Hoje posso concluir muitas coisas diante do que vivenciei e experimentei. O Cerco de Jericó teve um motivo para ser criado. Porém, como tudo na história tende a mudar e tomar proporções inimagináveis, com este não fora diferente. O exagero e o fanatismo, por mãos ultra-fundamentalistas, tomaram as rédeas da situação e o distanciou do real objetivo de sua concepção. Passou a ser muito mais um instrumento de exclusão e segregação do que de cura e libertação. 

Constatado a ciência que "homossexualismo" não é doença, eis que uma voz no deserto é ouvida diretamente do centro do catolicismo. O Papa Francisco tem dado abertura ao diálogo e mostrado a importância de se respeitar cada pessoa em sua condição. Seu apoio à causa tem sido de grande valia principalmente dentro do cerco da própria igreja. Criticado pelos radicais que levam tudo ao pé da letra e aclamado pela maioria religiosa, sendo uma parcela de outras denominações e confissões, Francisco tem incomodado alguns segmentos em prol de se dar voz e vez aos sem opção alguma. 

Diante disso a necessidade de se refazer o circuito do Cerco é iminente. Continuar na mesma toada é que não pode e não deve. É preciso reavaliar todo o ritual uma vez que não passa pelo crivo magisterial. Mais do que isso, é preciso compreender acerca do cuidado que se deve ter para não construir muralhas ao invés de pontes, prisões à libertações, manipulação à autonomia do pensamento e liberdade. 

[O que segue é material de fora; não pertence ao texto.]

(* Let $\alpha\approx 2.956$ be Otter's tree constant. Fix $0<\varepsilon<\alpha$. There exist $\Delta=\Delta(\varepsilon)\in\mathbb N$ and $\rho=\rho(\varepsilon)>0$ such that, for all sufficiently large $n$, the number of pairwise non-isomorphic trees on $n$ vertices with maximum degree at most $\Delta$ and at least $\rho n$ leaves is at least $(\alpha-\varepsilon)^n$.
   Context: Otter's tree constant $\alpha$ is the constant such that the number of pairwise non-isomorphic unlabelled trees on $n$ vertices is $(1+o(1))Cn^{-5/2}\alpha^n$ for an absolute constant $C$; equivalently, the number $a_k$ of non-isomorphic rooted unlabelled trees on $k$ vertices satisfies $a_k=(1+o(1))C'k^{-3/2}\alpha^k$, so $a_k^{1/k}\to\alpha$. Trees are counted up to graph isomorphism (unlabelled). *)

theory Defs
  imports Complex_Main
begin

text \<open>Simple graphs on the vertex set {0..<n}, given by a set of 2-element edges.\<close>

definition vpairs :: "nat \<Rightarrow> nat set set" where
  "vpairs n = {{u, v} | u v. u < n \<and> v < n \<and> u \<noteq> v}"

definition connected_on :: "nat \<Rightarrow> nat set set \<Rightarrow> bool" where
  "connected_on n E \<longleftrightarrow>
     (\<forall>u<n. \<forall>v<n. (u, v) \<in> {(x, y). {x, y} \<in> E}\<^sup>*)"

text \<open>A tree: a connected graph on at least one vertex in which every edge is a bridge
  (i.e. a minimally connected graph, equivalently connected and acyclic).\<close>
definition is_tree :: "nat \<Rightarrow> nat set set \<Rightarrow> bool" where
  "is_tree n E \<longleftrightarrow> 1 \<le> n \<and> E \<subseteq> vpairs n \<and> connected_on n E \<and>
     (\<forall>e\<in>E. \<not> connected_on n (E - {e}))"

definition degree :: "nat set set \<Rightarrow> nat \<Rightarrow> nat" where
  "degree E v = card {e\<in>E. v \<in> e}"

definition leaves :: "nat \<Rightarrow> nat set set \<Rightarrow> nat set" where
  "leaves n E = {v. v < n \<and> degree E v = 1}"

definition max_degree :: "nat \<Rightarrow> nat set set \<Rightarrow> nat" where
  "max_degree n E = Max (degree E ` {..<n})"

definition graph_iso :: "nat \<Rightarrow> nat set set set \<Rightarrow> (nat set set \<times> nat set set) set" where
  "graph_iso n A = {(E, E'). E \<in> A \<and> E' \<in> A \<and>
     (\<exists>f. bij_betw f {..<n} {..<n} \<and> E' = (\<lambda>e. f ` e) ` E)}"

definition unlabelled_trees :: "nat \<Rightarrow> (nat set set \<Rightarrow> bool) \<Rightarrow> nat" where
  "unlabelled_trees n P =
     (let A = {E. is_tree n E \<and> P E} in card (A // graph_iso n A))"

definition rooted_iso :: "nat \<Rightarrow> (nat set set \<times> nat) set \<Rightarrow> ((nat set set \<times> nat) \<times> (nat set set \<times> nat)) set" where
  "rooted_iso n A = {((E, r), (E', r')). (E, r) \<in> A \<and> (E', r') \<in> A \<and>
     (\<exists>f. bij_betw f {..<n} {..<n} \<and> E' = (\<lambda>e. f ` e) ` E \<and> f r = r')}"

definition rooted_trees :: "nat \<Rightarrow> nat" where
  "rooted_trees k =
     (let A = {(E, r). is_tree k E \<and> r < k} in card (A // rooted_iso k A))"

end

theory Submission
  imports Defs
begin

text \<open>
  Fix a block size \<open>k\<close> with \<open>a\<^sub>k \<ge> \<beta>\<^sup>k\<close> for some \<open>\<beta>\<close> strictly between \<open>\<alpha> - \<epsilon>\<close>
  and \<open>\<alpha>\<close>. For \<open>n = m (k + 2) + c\<close> with \<open>2 \<le> c \<le> k + 3\<close>, take a path (the spine)
  \<open>S\<^sub>0 \<dots> S\<^bsub>m-1\<^esub>\<close>, hang a pendant leaf and the root of a rooted tree \<open>T\<^sub>i\<close> on \<open>k\<close>
  vertices at every \<open>S\<^sub>i\<close>, and \<open>c\<close> further leaves at \<open>S\<^sub>0\<close>. This is a tree on \<open>n\<close>
  vertices with maximum degree at most \<open>2 k + 8\<close> and at least \<open>m + c \<ge> n / (k + 2)\<close> leaves.

  The tuple \<open>(T\<^sub>i)\<close> is determined up to rooted isomorphism by the tree: the spine vertices
  are exactly the vertices with two branches of at least \<open>k\<close> vertices each, and \<open>S\<^sub>0\<close> is
  the only one of degree at least 5, so an isomorphism fixes the spine pointwise and maps
  \<open>T\<^sub>i\<close> onto \<open>T\<^sub>i'\<close>, root to root. Hence there are at least
  \<open>a\<^sub>k\<^sup>m \<ge> \<beta>\<^bsup>km\<^esup> \<ge> (\<alpha> - \<epsilon>)\<^sup>n\<close> such trees once \<open>k\<close> is large.
\<close>

section \<open>Graphs given by sets of edges\<close>

definition relabel :: "('a \<Rightarrow> 'b) \<Rightarrow> 'a set set \<Rightarrow> 'b set set" where
  "relabel f E = (\<lambda>e. f ` e) ` E"

definition edges_on :: "'a set \<Rightarrow> 'a set set \<Rightarrow> bool" where
  "edges_on W E \<longleftrightarrow> (\<forall>e\<in>E. \<exists>a b. a \<in> W \<and> b \<in> W \<and> a \<noteq> b \<and> e = {a, b})"

definition adj_avoiding :: "'a set set \<Rightarrow> 'a set \<Rightarrow> ('a \<times> 'a) set" where
  "adj_avoiding E X = {(x, y). {x, y} \<in> E \<and> x \<notin> X \<and> y \<notin> X}"

abbreviation reach_avoiding :: "'a set set \<Rightarrow> 'a set \<Rightarrow> ('a \<times> 'a) set" where
  "reach_avoiding E X \<equiv> (adj_avoiding E X)\<^sup>*"

definition connected_in :: "'a set \<Rightarrow> 'a set set \<Rightarrow> bool" where
  "connected_in W E \<longleftrightarrow> (\<forall>u\<in>W. \<forall>v\<in>W. (u, v) \<in> reach_avoiding E {})"

definition deg :: "'a set set \<Rightarrow> 'a \<Rightarrow> nat" where
  "deg E v = card {e\<in>E. v \<in> e}"

definition branch :: "'a set set \<Rightarrow> 'a \<Rightarrow> 'a \<Rightarrow> 'a set" where
  "branch E v x = {y. (x, y) \<in> reach_avoiding E {v}}"

definition two_heavy_branches :: "'a set \<Rightarrow> nat \<Rightarrow> 'a set set \<Rightarrow> 'a \<Rightarrow> bool" where
  "two_heavy_branches W k E v \<longleftrightarrow> v \<in> W \<and> (\<exists>x\<in>W. \<exists>y\<in>W. x \<noteq> v \<and> y \<noteq> v \<and>
     k \<le> card (branch E v x) \<and> k \<le> card (branch E v y) \<and> (x, y) \<notin> reach_avoiding E {v})"

lemma connected_on_iff_connected_in: "connected_on n E \<longleftrightarrow> connected_in {..<n} E"
  unfolding connected_on_def connected_in_def adj_avoiding_def Ball_def lessThan_iff by simp

lemma degree_eq_deg: "degree E v = deg E v"
  unfolding degree_def deg_def ..

lemma rtrancl_map:
  assumes "(x, y) \<in> R\<^sup>*" and "\<And>a b. (a, b) \<in> R \<Longrightarrow> (f a, f b) \<in> S"
  shows "(f x, f y) \<in> S\<^sup>*"
  using assms(1) by induction (use assms(2) in \<open>auto intro: rtrancl_into_rtrancl\<close>)

lemma rtrancl_closed:
  assumes "(x, y) \<in> R\<^sup>*" "x \<in> L" "\<And>a b. (a, b) \<in> R \<Longrightarrow> a \<in> L \<Longrightarrow> b \<in> L"
  shows "y \<in> L"
  using assms(1) by induction (use assms in auto)

lemma reach_avoiding_sym: "(x, y) \<in> reach_avoiding E X \<Longrightarrow> (y, x) \<in> reach_avoiding E X"
proof (induction rule: rtrancl_induct)
  case (step y z)
  then have "(z, y) \<in> adj_avoiding E X" by (auto simp: adj_avoiding_def insert_commute)
  then show ?case using step.IH by (rule converse_rtrancl_into_rtrancl)
qed simp

lemma reach_avoiding_edge:
  "{x, y} \<in> E \<Longrightarrow> x \<notin> X \<Longrightarrow> y \<notin> X \<Longrightarrow> (x, y) \<in> reach_avoiding E X"
  unfolding adj_avoiding_def by auto

lemma reach_avoiding_to_removed:
  assumes "(x, y) \<in> reach_avoiding E X" "y \<in> X"
  shows "x = y"
  using assms by (induction rule: converse_rtrancl_induct) (auto simp: adj_avoiding_def)

lemma not_connected_in_if_closed:
  assumes "x \<in> W" "y \<in> W" "x \<in> L" "y \<notin> L"
    and "\<And>a b. {a, b} \<in> E \<Longrightarrow> a \<in> L \<Longrightarrow> b \<in> L"
  shows "\<not> connected_in W E"
proof
  assume "connected_in W E"
  then have "(x, y) \<in> reach_avoiding E {}" using assms(1,2) unfolding connected_in_def by blast
  then have "y \<in> L" using assms(3)
    by (rule rtrancl_closed) (use assms(5) in \<open>auto simp: adj_avoiding_def\<close>)
  with assms(4) show False ..
qed

lemma deg_eq_card_neighbours:
  assumes "\<forall>e\<in>E. \<exists>a b. e = {a, b}"
  shows "deg E v = card {u. {v, u} \<in> E}"
proof -
  have "bij_betw (\<lambda>u. {v, u}) {u. {v, u} \<in> E} {e\<in>E. v \<in> e}"
  proof (rule bij_betwI')
    fix e assume e: "e \<in> {e\<in>E. v \<in> e}"
    then obtain a b where "e = {a, b}" using assms by blast
    with e have "e = {v, if v = a then b else a}" by (auto simp: insert_commute)
    with e show "\<exists>u\<in>{u. {v, u} \<in> E}. e = {v, u}" by auto
  qed (auto simp: doubleton_eq_iff)
  then show ?thesis unfolding deg_def by (simp add: bij_betw_same_card)
qed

Em nossa sociedade é fácil identificar os diversos tipos de Cercos existentes, tanto os físicos como os sociais, os visíveis e os invisíveis. Não precisa de muito esforço para se concluir e obter um resultado. Chega a ser uma questão de lógica matemática. Uma vez que o cerco selecionou os certinhos da lei, quem não teve seu nome enaltecido na lista dos reavivados simplesmente fora segregado, excluído e banido sem saber para onde ir e vir e como complemento ao jugo ainda recebe olhares a apontamentos que lhe alvejam a alma. Em outras palavras, ficou cercado do lado de fora!